Volleyball to Scrimmage with Special Olympics of Hamilton County
gobearcats.COM Sophomore Jamie Netisingha
gobearcats.COM
Sophomore Jamie Netisingha
gobearcats.COM

April 17, 2013

Special Olympics of Hamilton County Flyer

CINCINNATI – The University of Cincinnati volleyball team will compete in a unified scrimmage with the Special Olympics of Hamilton County on Thurs., April 18 at 6 p.m. The scrimmage will take place at the opening game of the SOHC volleyball season at The Rost School in Cincinnati, Ohio.

“Our team is excited to be playing unified volleyball with out Hamilton County Special Olympics volleyball players” said head coach Molly Alvey. “We have continued to develop such a fantastic relationship with one another over the past year in which all of the athletes grow and benefit from our time together.”

UC volleyball players will be playing on the court with the Special Olympics athletes, with teams being made of proportionate numbers of Bearcats and SOHC athletes.

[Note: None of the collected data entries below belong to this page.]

(* Let $\mathcal{C}$ be a $d$-uniform properly-connected hypergraph on $V$ and $F$ an edge of $\mathcal{C}$. Then: (i) an edge $C$ of $\mathcal{C}$ is an edge of $\mathcal{C}:F$ if and only if $\operatorname{dist}_{\mathcal{C}}(F,C)\ge d+1$; (ii) $\mathcal{C}:F=\mathcal{C}_{V\setminus(F\cup N_{\mathcal{C}}(F))}$; (iii) the edge set of $\mathcal{C}:F$ equals $\mathcal{C}^{\ge}=\{G\in\mathcal{C}: \operatorname{dist}_{\mathcal{C}}(F,G)\ge d+1\}$; (iv) $\operatorname{c}_{\mathcal{C}}\ge \operatorname{c}_{\mathcal{C}:F}+1$, where $\operatorname{c}_{\mathcal{D}}$ denotes the maximum number of pairwise $(d+1)$-disjoint edges of $\mathcal{D}$.
   Context: A hypergraph $\mathcal{C}$ on a finite vertex set $V$ is a family of pairwise incomparable subsets of $V$ (its edges), each of cardinality at least $2$; it is $d$-uniform if every edge has $d$ elements. For an edge $F$: $N_{\mathcal{C}}(F)=\bigcup\{E\setminus F : E\in\mathcal{C},\ |E\setminus F|=1\}$, and $\mathcal{C}:F$ is the hypergraph on $V\setminus(F\cup N_{\mathcal{C}}(F))$ whose edges are the members of cardinality at least $2$ among the inclusion-minimal members of $\{E\setminus F: E\in\mathcal{C},E\neq F\}$. For $A\subseteq V$, $\mathcal{C}_A=\{E\in\mathcal{C}: E\subseteq A\}$ is the induced subhypergraph on $A$. Given edges $F,G$ with $|F|\ge |G|$, a proper chain from $F$ to $G$ is a sequence $(E_0=F,x_1,E_1,x_2,\dots,x_n,E_n=G)$ with distinct vertices $x_i$ and distinct edges $E_j$ such that $x_1\in E_0$, $x_n\in E_n$, $x_k,x_{k+1}\in E_k$ for $k=1,\dots,n-1$, and $|E_i\cap E_{i+1}|=|E_{i+1}|-1$ for $i=0,\dots,n-1$; its length is $n$. It is irredundant if no subsequence of it is a proper chain from $F$ to $G$. The distance $\operatorname{dist}_{\mathcal{C}}(F,G)$ is the minimum length of a proper irredundant chain from $F$ to $G$ ($\infty$ if none). A $d$-uniform hypergraph is properly-connected if $\operatorname{dist}_{\mathcal{C}}(F,G)=d-|F\cap G|$ for any two edges with $F\cap G\neq\emptyset$. A set of edges is pairwise $t$-disjoint if any two of its distinct members have distance at least $t$ (distances in (iv) for $\mathcal{C}:F$ are taken in $\mathcal{C}:F$). *)

theory Defs
  imports Main "HOL-Library.Extended_Nat" "HOL-Library.Sublist"
begin

definition hypergraph :: "'a set \<Rightarrow> 'a set set \<Rightarrow> bool" where
  "hypergraph V C \<longleftrightarrow> finite V \<and> (\<forall>E\<in>C. E \<subseteq> V \<and> 2 \<le> card E)
     \<and> (\<forall>E\<in>C. \<forall>G\<in>C. E \<subseteq> G \<longrightarrow> E = G)"

definition uniform :: "'a set set \<Rightarrow> nat \<Rightarrow> bool" where
  "uniform C d \<longleftrightarrow> (\<forall>E\<in>C. card E = d)"

definition nbhd :: "'a set set \<Rightarrow> 'a set \<Rightarrow> 'a set" where
  "nbhd C F = \<Union>{E - F | E. E \<in> C \<and> card (E - F) = 1}"

text \<open>Edge set of C:F (its vertex set is V - (F \<union> nbhd C F)).\<close>
definition colon :: "'a set set \<Rightarrow> 'a set \<Rightarrow> 'a set set" where
  "colon C F = (let M = {E - F | E. E \<in> C \<and> E \<noteq> F} in
     {H. H \<in> M \<and> (\<forall>K\<in>M. K \<subseteq> H \<longrightarrow> K = H) \<and> 2 \<le> card H})"

definition induced :: "'a set set \<Rightarrow> 'a set \<Rightarrow> 'a set set" where
  "induced C A = {E \<in> C. E \<subseteq> A}"

text \<open>A chain (E_0, x_1, E_1, ..., x_n, E_n) is represented by the list Es = [E_0,...,E_n]
  and the list xs = [x_1,...,x_n] (so x_k = xs!(k-1)). The case n = 0 is the trivial chain (F).\<close>
definition proper_chain :: "'a set set \<Rightarrow> 'a set \<Rightarrow> 'a set \<Rightarrow> 'a set list \<Rightarrow> 'a list \<Rightarrow> bool" where
  "proper_chain C F G Es xs \<longleftrightarrow> (let n = length xs in
     length Es = n + 1 \<and> Es ! 0 = F \<and> Es ! n = G \<and> card G \<le> card F \<and>
     set Es \<subseteq> C \<and> distinct Es \<and> distinct xs \<and>
     (n \<ge> 1 \<longrightarrow> xs ! 0 \<in> Es ! 0 \<and> xs ! (n - 1) \<in> Es ! n) \<and>
     (\<forall>k. 1 \<le> k \<and> k \<le> n - 1 \<longrightarrow> xs ! (k - 1) \<in> Es ! k \<and> xs ! k \<in> Es ! k) \<and>
     (\<forall>i < n. card (Es ! i \<inter> Es ! (i + 1)) = card (Es ! (i + 1)) - 1))"
(* Given an $n$-qubit state $\lvert\psi\rangle$, let $\lvert\phi\rangle$ be a stabilizer state that maximizes the stabilizer fidelity, and let $S^* = \mathrm{Weyl}(\lvert\phi\rangle)$. Then \[\sum_{x \in S^*} p_\psi(x) \geq F_\mathcal{S}(\lvert\psi\rangle)^2.\]
   Context: For $x=(a,b)\in\mathbb F_2^{2n}$ the Weyl operator is $W_x = i^{a\cdot b}X^{a_1}Z^{b_1}\otimes\cdots\otimes X^{a_n}Z^{b_n}$; $p_\psi(x)=2^{-n}\langle\psi|W_x|\psi\rangle^2$; $\mathrm{Weyl}(\lvert\phi\rangle)=\{x\in\mathbb F_2^{2n}: W_x\lvert\phi\rangle=\pm\lvert\phi\rangle\}$; $F_\mathcal{S}(\lvert\psi\rangle)=\max_{\lvert\phi\rangle\text{ stabilizer}}\lvert\langle\phi|\psi\rangle\rvert^2$. *)

theory Defs
  imports "Jordan_Normal_Form.Schur_Decomposition"
begin

text \<open>A computational basis index z < 2^n is read
  as a bit string, qubit k (k < n) being bit k of z. A point x = (a,b) of F_2^(2n) is
  encoded as a pair of naturals a, b < 2^n (bit strings of length n).\<close>

definition qdim :: "nat \<Rightarrow> nat" where "qdim n = 2 ^ n"

definition is_state :: "nat \<Rightarrow> complex vec \<Rightarrow> bool" where
  "is_state n v \<longleftrightarrow> dim_vec v = qdim n \<and> (\<Sum>i<qdim n. (cmod (v $ i))\<^sup>2) = 1"

definition braket :: "complex vec \<Rightarrow> complex vec \<Rightarrow> complex" where
  "braket u v = (\<Sum>i<dim_vec v. cnj (u $ i) * v $ i)"

definition weyl_index :: "nat \<Rightarrow> (nat \<times> nat) set" where
  "weyl_index n = {(a, b). a < qdim n \<and> b < qdim n}"

definition bdot :: "nat \<Rightarrow> nat \<Rightarrow> nat \<Rightarrow> nat" where
  "bdot n a b = card {k. k < n \<and> bit a k \<and> bit b k}"

text \<open>W_x = i^(a.b) X^a1 Z^b1 (x) ... (x) X^an Z^bn; on basis states
  W_x |z> = i^(a.b) (-1)^(b.z) |z xor a>.\<close>
definition weyl_op :: "nat \<Rightarrow> nat \<times> nat \<Rightarrow> complex mat" where
  "weyl_op n x = (case x of (a, b) \<Rightarrow>
     mat (qdim n) (qdim n) (\<lambda>(w, z).
       if w = Bit_Operations.xor z a then \<i> ^ bdot n a b * (- 1) ^ bdot n b z else 0))"

definition p_psi :: "nat \<Rightarrow> complex vec \<Rightarrow> nat \<times> nat \<Rightarrow> real" where
  "p_psi n psi x = Re ((braket psi (weyl_op n x *\<^sub>v psi))\<^sup>2) / 2 ^ n"

definition weyl_set :: "nat \<Rightarrow> complex vec \<Rightarrow> (nat \<times> nat) set" where
  "weyl_set n phi = {x \<in> weyl_index n.
     weyl_op n x *\<^sub>v phi = phi \<or> weyl_op n x *\<^sub>v phi = - phi}"

definition unitary_mat :: "nat \<Rightarrow> complex mat \<Rightarrow> bool" where
  "unitary_mat N U \<longleftrightarrow> U \<in> carrier_mat N N \<and> U * mat_adjoint U = 1\<^sub>m N"

text \<open>Clifford group: unitaries mapping Pauli (Weyl) operators to Pauli operators under
  conjugation (up to sign, since the W_x are Hermitian).\<close>
definition clifford :: "nat \<Rightarrow> complex mat \<Rightarrow> bool" where
  "clifford n U \<longleftrightarrow> unitary_mat (qdim n) U \<and>
     (\<forall>x \<in> weyl_index n. \<exists>y \<in> weyl_index n. \<exists>s \<in> {1, -1 :: complex}.
        U * weyl_op n x * mat_adjoint U = s \<cdot>\<^sub>m weyl_op n y)"

definition stabilizer_state :: "nat \<Rightarrow> complex vec \<Rightarrow> bool" where
  "stabilizer_state n phi \<longleftrightarrow> (\<exists>U. clifford n U \<and> phi = U *\<^sub>v unit_vec (qdim n) 0)"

While this will be the first time that the team has played in a unified scrimmage with the SOHC, the Bearcats volleyball team and the Special Olympics of Hamilton Country have forged a bond over the past year. The SOHC has participated in competition between sets of the UC volleyball matches on several occasions and the Cincinnati team has organized volleyball training clinics for SOHC athletes. The Special Olympics athletes have become some of UC volleyball’s biggest fans and have made appearances at team practices to observe and cheer on the Bearcats. The team held a meet and greet with the athletes of the SOHC and also participated in the Special Olympics of Hamilton County’s end of the year event, running a volleyball station to teach all SOHC athletes volleyball skills.

Alvey enjoys volunteering with the Special Olympics of Hamilton County and recognizes the benefits for both the SOHC athletes and the Bearcats volleyball players.


 

 

“A unified scrimmage joins athletes of similar ages and playing abilities and allows players with and without intellectual disabilities to be on the same team. It is an amazing way to train with the team while also building relationships and understanding of the game.”